TIBCO Software Senior Site Reliability Engineer in North Sydney, Australia
Senior Site Reliability EngineerAU-New South Wales-North Sydney, Australia
View All Jobs
Share This Job
Headquartered in Palo Alto, Calif., TIBCO Software empowers businesses to their digital destinations by interconnecting everything in real time and providing augmented intelligence for everyone, from business users to data scientists.
With more than 10,000 customers, 3500 employees located in over 30 countries, TIBCO has retained the speed and agility of a start-up. We value and encourage new ideas, direct communication, out-of-the-box thinking, risk-taking and creative problem solving.
We're looking for people who want to make a difference doing a job they love – dynamic individuals willing to take the risks necessary to make big ideas come to life and who are comfortable collaborating in our creative, new-idea-driven environment. We value hard work and provide new opportunities to grow, learn, and excel.
As part of TIBCO’s Cloud First initiative, we are investing in people, processes and technology to build and run enterprise Software as a Service. Join the Cloud Infrastructure Engineering & Operations team, part of the Product and Technology organization, and help us develop and operate industry-leading cloud products.
As a Site Reliability Production Engineer, you will be responsible for the availability, automation, performance, efficiency, scaling, monitoring, and emergency response of TIBCO’s cloud operating system. You will use your deep understanding of TIBCO’s platform, architecture, people, systems, and processes to continuously improve uptime, performance, deployment, monitoring, and troubleshooting. You will also be expected to provide Tier 3 support for service incidents as escalated by TIBCO’s Tier 2 Operations staff and Support teams.
Collaborate with developers and other internal groups to identify, prioritize and develop service reliability and manageability improvements.
Develop tools to improve ability to rapidly deploy and effectively monitor production services in a dynamic, large-scale Linux environment.

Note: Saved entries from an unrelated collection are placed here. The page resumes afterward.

lemma avl_critical_log_bounds:
  "0.938 \<le> log 2 (1 / avl_critical)" "log 2 (1 / avl_critical) < 0.939"
proof -
  have "(2 * avl_critical) ^ 500 \<le> 2 ^ 31"
    using avl_critical_bounds avl_critical_pos by (intro power_500_le) auto
  from log2_inverse_ge[OF avl_critical_pos _ this]
  show "0.938 \<le> log 2 (1 / avl_critical)" by simp
  have "2 ^ 61 < (2 * avl_critical) ^ 1000"
    using avl_critical_bounds by (intro power_1000_gt) auto
  from log2_inverse_less[OF avl_critical_pos _ this]
  show "log 2 (1 / avl_critical) < 0.939" by simp
qed

lemma coeff_avlA_nonneg: "0 \<le> coeff (avlA h) n"
proof (induction h arbitrary: n rule: avlA.induct)
  case 1
  then show ?case by (auto simp: coeff_pCons split: nat.splits)
next
  case 2
  then show ?case by (auto simp: coeff_pCons split: nat.splits)
next
  case (3 h)
  then show ?case
    by (auto simp: coeff_mult intro!: sum_nonneg mult_nonneg_nonneg add_nonneg_nonneg)
qed

lemma coeff_mult_add_pos:
  fixes p q :: "'a::linordered_semidom poly"
  assumes "\<And>i. 0 \<le> coeff p i" "\<And>i. 0 \<le> coeff q i" "0 < coeff p a" "0 < coeff q b"
  shows "0 < coeff (p * q) (a + b)"
proof -
  have "0 < coeff p a * coeff q (a + b - a)" using assms by simp
  also have "\<dots> \<le> (\<Sum>i\<le>a + b. coeff p i * coeff q (a + b - i))"
    by (rule member_le_sum) (use assms in auto)
  finally show ?thesis by (simp add: coeff_mult)
qed

lemma coeff_le_poly:
  fixes p :: "'a::linordered_semidom poly"
  assumes "\<And>i. 0 \<le> coeff p i" "0 \<le> z"
  shows "coeff p n * z ^ n \<le> poly p z"
proof (cases "n \<le> degree p")
  case True
  have "coeff p n * z ^ n \<le> (\<Sum>i\<le>degree p. coeff p i * z ^ i)"
    by (rule member_le_sum) (use True assms in auto)
  then show ?thesis by (simp add: poly_altdef)
next
  case False
  then show ?thesis
    unfolding poly_altdef using assms by (auto simp: coeff_eq_0 intro!: sum_nonneg)
qed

Mentor and guide SREs and Systems Administrators on effective methods to deliver enterprise-class services.
Continually evolve deployment methods and processes to effectively deliver products in various environments including Production, Staging, QA and Development.
Design and document systems, including writing and reviewing code, to automate routine issues and minimize manual tasks.

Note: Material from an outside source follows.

(* Consider the input-output system $\dot{\mathbf x}=\mathbf f(\mathbf x)+\hat{\mathbf e}_1 g(u,x_1)$, $u\in J$, satisfying assumption (A0), with output $x_j$ where $j\neq 1$, and let $G$ be its J-graph. (1) If $G$ has no input-output path, then the steady-state response $x_j^*(u)$ is independent of $u$. (2) Suppose $G$ has an input-output path. If $G$ has neither an incoherent feedforward loop from input $x_1$ to output $x_j$, nor a positive feedback loop that is vertex-disjoint from some input-output path, then the system is not quasi-adaptive and does not exhibit biphasic response.
   Context: $\mathcal X\subset\mathbb R^n$, $J\subset\mathbb R$ an interval, $\mathbf f:\mathcal X\to\mathbb R^n$ is $C^1$, every entry $\partial f_i/\partial x_k$ has constant sign (positive, negative, or identically zero) on $\mathcal X$, and $\partial f_i/\partial x_i<0$. $\hat{\mathbf e}_1$ is the first standard basis vector. The control term $g$ is one of: flow, $g(u,x_1)=u$; activation, $g(u,x_1)=(u+k_{\mathrm{on}})(x_T-x_1)-k_{\mathrm{off}}x_1$; inhibition, $g(u,x_1)=k_{\mathrm{on}}(x_T-x_1)-(u+k_{\mathrm{off}})x_1$, with constants $x_T,k_{\mathrm{on}},k_{\mathrm{off}}>0$; in the activation and inhibition cases the state space satisfies $0\le x_1\le x_T$ and every steady state has $0<x_1<x_T$. Write $\mathbf F(\mathbf x,u)=\mathbf f(\mathbf x)+\hat{\mathbf e}_1g(u,x_1)$. Assumption (A0): for every $u_0\in J$ there is $\mathbf x_0\in\mathcal X$ with $\mathbf F(\mathbf x_0,u_0)=\mathbf 0$ and $\frac{\partial\mathbf F}{\partial\mathbf x}(\mathbf x_0,u_0)$ of full rank; by the implicit function theorem this gives continuously differentiable steady-state curves $\mathbf x^*(u)$. The system is quasi-adaptive if, along such a curve, $\partial_u x_j^*(u_0)=0$ for some $u_0\in J$, and exhibits biphasic response if $\partial_u x_j^*(u_1)\,\partial_u x_j^*(u_2)<0$ for some $u_1,u_2\in J$. The J-graph of $\frac{\partial\mathbf f}{\partial\mathbf x}$ is the signed directed graph on nodes $x_1,\ldots,x_n$ with a positive (resp. negative) edge from $x_i$ to $x_k$ iff $\partial f_k/\partial x_i>0$ (resp. $<0$); every node has a negative self-loop. The J-graph $G$ of the input-output system is this graph together with an input edge into $x_1$ (from an external source for flow, or from an extra node $C$ representing the control, positive for activation, negative for inhibition) and an outgoing output edge from $x_j$. A path is a walk without repeated vertices except possibly first = last, in which case it is a cycle; its sign is the product of its edge signs. An input-output path is a path from $x_1$ to $x_j$. A feedback loop is a cycle of length at least two, positive if its sign is positive. An incoherent feedforward loop from $x_1$ to $x_j$ is a pair of distinct paths from $x_1$ to $x_j$ with opposite signs. *)

theory Defs
  imports "HOL-Analysis.Analysis"
begin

Participate in a 24x7 on-call rotation for third-tier escalations, working with NOC, Engineering and other Ops teams to troubleshoot service issues.
Manage assigned project activities to achieve stated project goals, objectives, and schedules.
Collaborate deeply with a cross functional team of Software Architects and Engineers, Quality Engineers, Engineering management and other SREs.
Experience with infrastructure automation, infrastructure as code, automated application deployment
Experience with automation/configuration management tools: Puppet, Chef, Ansible, or Salt
3 years operating production SaaS offering on at least one of the following cloud platforms: AWS, Azure, OpenStack, CloudFoundry or other
Experience with Docker, Mesos, and/or Kubernetes in production workloads
Experience with Continuous Integration tools such as Jenkins, Bamboo, etc.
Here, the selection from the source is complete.